### About this exercise
Which lines in the records below contain the word "over"? Report each of them.
--------------------------------------------------
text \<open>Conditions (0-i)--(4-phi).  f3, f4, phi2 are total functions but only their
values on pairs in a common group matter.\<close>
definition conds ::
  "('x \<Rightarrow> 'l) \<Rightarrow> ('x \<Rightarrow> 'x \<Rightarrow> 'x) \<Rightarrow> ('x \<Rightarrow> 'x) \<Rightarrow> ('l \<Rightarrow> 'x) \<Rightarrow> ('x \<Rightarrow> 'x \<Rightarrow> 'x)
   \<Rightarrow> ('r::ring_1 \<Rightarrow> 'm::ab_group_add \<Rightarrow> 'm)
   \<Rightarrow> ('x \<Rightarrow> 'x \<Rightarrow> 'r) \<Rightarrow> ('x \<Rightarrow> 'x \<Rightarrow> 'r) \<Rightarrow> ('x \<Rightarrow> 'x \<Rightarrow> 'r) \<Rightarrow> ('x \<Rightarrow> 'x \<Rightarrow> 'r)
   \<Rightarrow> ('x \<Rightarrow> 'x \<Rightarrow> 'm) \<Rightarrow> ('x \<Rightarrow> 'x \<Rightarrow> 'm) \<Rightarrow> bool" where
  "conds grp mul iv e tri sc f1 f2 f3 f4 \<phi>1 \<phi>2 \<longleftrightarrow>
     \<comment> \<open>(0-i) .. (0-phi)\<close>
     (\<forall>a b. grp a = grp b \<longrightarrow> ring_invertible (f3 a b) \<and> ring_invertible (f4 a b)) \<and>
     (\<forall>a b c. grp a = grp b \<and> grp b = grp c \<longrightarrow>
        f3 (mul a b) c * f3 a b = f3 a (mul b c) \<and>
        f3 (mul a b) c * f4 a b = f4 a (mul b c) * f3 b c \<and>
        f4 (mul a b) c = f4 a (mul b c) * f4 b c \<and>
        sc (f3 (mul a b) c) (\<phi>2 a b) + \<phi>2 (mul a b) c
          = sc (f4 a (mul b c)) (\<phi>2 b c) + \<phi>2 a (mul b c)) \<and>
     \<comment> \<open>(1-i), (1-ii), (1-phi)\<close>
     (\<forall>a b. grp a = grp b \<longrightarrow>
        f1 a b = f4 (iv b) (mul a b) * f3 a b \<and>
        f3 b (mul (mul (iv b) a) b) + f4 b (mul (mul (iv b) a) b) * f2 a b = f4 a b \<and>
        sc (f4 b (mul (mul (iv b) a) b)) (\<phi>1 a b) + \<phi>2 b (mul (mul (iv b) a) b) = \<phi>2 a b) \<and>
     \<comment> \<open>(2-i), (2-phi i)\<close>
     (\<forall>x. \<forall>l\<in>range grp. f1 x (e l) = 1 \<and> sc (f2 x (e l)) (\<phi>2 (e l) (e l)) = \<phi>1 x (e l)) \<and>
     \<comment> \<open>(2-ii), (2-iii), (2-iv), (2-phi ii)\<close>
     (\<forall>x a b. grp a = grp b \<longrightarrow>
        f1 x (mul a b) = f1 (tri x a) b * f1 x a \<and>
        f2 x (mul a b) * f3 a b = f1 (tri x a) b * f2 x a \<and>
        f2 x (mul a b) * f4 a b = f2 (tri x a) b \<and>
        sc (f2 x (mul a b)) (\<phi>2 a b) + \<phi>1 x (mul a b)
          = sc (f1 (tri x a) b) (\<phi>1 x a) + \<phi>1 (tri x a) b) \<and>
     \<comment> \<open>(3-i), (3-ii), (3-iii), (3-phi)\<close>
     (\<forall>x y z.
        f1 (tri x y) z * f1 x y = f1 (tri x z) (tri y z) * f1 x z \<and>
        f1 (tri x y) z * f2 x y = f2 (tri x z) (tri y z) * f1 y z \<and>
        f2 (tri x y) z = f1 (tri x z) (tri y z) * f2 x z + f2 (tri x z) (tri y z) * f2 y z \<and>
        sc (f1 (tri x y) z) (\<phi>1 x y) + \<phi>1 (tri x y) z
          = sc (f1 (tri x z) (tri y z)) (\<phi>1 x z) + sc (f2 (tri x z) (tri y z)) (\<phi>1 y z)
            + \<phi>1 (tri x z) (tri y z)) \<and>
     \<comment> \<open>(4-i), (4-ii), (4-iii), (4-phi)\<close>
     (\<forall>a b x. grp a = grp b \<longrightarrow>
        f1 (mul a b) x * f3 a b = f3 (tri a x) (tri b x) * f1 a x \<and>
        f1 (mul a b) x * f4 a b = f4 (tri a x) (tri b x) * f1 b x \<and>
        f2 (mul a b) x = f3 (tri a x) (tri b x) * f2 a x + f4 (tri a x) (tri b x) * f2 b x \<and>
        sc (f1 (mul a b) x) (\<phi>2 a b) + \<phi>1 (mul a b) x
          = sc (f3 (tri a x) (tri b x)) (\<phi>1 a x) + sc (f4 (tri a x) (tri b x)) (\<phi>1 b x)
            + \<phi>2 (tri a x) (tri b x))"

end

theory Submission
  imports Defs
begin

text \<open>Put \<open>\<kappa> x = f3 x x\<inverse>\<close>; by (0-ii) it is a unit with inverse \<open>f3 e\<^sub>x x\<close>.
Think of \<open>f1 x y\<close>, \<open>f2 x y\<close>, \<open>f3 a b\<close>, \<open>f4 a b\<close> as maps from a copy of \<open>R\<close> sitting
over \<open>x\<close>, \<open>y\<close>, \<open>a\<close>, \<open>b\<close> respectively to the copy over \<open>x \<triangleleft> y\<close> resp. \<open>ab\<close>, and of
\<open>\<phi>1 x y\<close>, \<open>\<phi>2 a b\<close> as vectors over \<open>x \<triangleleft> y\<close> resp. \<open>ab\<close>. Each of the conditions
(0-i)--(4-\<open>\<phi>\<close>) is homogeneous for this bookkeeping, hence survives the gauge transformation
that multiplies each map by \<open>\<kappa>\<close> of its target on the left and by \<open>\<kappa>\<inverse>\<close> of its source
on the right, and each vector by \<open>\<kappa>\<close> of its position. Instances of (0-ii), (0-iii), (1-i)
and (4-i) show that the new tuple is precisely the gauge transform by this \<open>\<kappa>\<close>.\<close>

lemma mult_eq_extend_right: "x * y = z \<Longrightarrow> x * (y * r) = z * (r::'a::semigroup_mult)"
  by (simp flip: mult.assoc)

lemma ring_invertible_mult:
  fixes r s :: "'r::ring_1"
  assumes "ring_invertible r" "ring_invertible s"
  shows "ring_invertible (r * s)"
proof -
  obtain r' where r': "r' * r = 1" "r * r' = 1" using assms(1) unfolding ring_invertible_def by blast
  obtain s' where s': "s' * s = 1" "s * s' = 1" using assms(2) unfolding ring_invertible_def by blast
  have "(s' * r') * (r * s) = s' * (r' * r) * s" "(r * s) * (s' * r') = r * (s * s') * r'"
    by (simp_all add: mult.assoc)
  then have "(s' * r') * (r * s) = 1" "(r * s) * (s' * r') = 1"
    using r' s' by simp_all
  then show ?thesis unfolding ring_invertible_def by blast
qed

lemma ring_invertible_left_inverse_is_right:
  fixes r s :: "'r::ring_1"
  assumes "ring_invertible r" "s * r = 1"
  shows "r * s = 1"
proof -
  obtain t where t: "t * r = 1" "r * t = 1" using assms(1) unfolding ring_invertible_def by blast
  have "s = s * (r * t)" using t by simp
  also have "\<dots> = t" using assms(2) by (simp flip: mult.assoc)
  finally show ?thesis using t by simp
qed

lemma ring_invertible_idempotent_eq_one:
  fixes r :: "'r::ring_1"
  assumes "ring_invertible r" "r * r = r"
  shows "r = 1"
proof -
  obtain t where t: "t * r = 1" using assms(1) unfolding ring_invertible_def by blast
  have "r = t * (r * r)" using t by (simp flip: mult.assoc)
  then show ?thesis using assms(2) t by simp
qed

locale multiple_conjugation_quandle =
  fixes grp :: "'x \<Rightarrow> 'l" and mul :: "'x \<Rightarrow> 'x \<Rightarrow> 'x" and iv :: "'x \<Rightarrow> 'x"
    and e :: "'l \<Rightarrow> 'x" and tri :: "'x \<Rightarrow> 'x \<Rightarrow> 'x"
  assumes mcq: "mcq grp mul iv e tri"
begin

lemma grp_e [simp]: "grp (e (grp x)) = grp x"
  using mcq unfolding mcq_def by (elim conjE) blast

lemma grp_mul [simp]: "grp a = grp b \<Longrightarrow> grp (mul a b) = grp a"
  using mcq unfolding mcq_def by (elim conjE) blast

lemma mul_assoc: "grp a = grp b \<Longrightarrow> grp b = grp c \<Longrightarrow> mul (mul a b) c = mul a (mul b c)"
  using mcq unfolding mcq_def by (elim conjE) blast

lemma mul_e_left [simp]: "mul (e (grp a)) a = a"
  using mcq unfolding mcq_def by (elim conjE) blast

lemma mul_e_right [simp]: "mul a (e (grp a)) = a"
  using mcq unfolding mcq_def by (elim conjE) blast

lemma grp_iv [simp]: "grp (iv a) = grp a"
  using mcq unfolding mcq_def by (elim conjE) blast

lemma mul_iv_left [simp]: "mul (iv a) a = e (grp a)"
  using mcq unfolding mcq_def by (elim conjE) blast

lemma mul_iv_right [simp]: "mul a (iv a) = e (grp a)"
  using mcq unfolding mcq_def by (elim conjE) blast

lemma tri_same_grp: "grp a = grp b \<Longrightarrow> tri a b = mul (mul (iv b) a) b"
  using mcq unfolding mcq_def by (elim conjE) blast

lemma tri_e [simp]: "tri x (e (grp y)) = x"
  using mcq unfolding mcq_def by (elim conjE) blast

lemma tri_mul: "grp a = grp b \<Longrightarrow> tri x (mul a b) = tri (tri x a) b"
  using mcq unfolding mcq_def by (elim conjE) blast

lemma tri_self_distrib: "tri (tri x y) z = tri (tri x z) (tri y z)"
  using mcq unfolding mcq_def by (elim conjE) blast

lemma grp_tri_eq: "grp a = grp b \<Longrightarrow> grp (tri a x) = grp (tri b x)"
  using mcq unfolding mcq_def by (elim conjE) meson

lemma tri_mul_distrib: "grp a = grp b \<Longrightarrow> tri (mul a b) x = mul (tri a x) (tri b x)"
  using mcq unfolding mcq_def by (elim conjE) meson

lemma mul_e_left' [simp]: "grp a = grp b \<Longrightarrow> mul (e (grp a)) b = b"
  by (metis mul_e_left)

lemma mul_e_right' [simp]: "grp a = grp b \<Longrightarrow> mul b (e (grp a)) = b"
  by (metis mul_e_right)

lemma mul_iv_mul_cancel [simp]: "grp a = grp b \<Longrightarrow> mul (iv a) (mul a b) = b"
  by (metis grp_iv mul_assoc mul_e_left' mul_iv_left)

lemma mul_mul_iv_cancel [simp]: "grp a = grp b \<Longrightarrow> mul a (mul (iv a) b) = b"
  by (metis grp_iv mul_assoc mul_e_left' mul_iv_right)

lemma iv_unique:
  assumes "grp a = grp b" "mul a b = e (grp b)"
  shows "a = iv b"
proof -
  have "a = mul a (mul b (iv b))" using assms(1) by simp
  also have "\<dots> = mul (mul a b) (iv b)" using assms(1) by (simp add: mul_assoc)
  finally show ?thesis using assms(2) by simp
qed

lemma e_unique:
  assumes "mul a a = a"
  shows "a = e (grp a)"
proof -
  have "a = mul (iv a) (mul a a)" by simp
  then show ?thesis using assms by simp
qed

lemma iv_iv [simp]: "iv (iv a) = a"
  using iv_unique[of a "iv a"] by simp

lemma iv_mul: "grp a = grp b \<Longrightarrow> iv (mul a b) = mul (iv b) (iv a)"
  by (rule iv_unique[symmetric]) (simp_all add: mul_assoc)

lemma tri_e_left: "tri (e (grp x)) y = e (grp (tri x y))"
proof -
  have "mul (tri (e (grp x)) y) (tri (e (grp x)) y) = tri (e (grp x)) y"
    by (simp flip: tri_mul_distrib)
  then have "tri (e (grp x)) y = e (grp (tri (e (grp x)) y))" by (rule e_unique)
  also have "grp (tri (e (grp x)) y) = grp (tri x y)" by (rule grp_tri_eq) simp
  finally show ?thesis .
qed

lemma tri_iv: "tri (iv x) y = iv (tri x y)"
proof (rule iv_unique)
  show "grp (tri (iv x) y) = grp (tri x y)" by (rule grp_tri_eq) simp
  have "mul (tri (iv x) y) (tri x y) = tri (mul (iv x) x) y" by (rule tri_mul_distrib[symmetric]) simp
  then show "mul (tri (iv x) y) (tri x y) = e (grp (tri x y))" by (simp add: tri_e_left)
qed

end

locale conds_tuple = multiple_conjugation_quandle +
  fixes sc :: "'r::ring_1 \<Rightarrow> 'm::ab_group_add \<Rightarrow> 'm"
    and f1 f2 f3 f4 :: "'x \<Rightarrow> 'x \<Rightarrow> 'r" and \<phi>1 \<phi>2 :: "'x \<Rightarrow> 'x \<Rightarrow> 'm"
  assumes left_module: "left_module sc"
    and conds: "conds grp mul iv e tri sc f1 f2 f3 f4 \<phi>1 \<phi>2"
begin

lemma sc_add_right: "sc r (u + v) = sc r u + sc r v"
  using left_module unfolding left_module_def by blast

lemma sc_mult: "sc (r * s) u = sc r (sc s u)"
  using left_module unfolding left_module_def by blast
--------------------------------------------------
### Response area
over \<open>x\<close>, \<open>y\<close>, \<open>a\<close>, \<open>b\<close> respectively to the copy over \<open>x \<triangleleft> y\<close> resp. \<open>ab\<close>, and of
\<open>\<phi>1 x y\<close>, \<open>\<phi>2 a b\<close> as vectors over \<open>x \<triangleleft> y\<close> resp. \<open>ab\<close>. Each of the conditions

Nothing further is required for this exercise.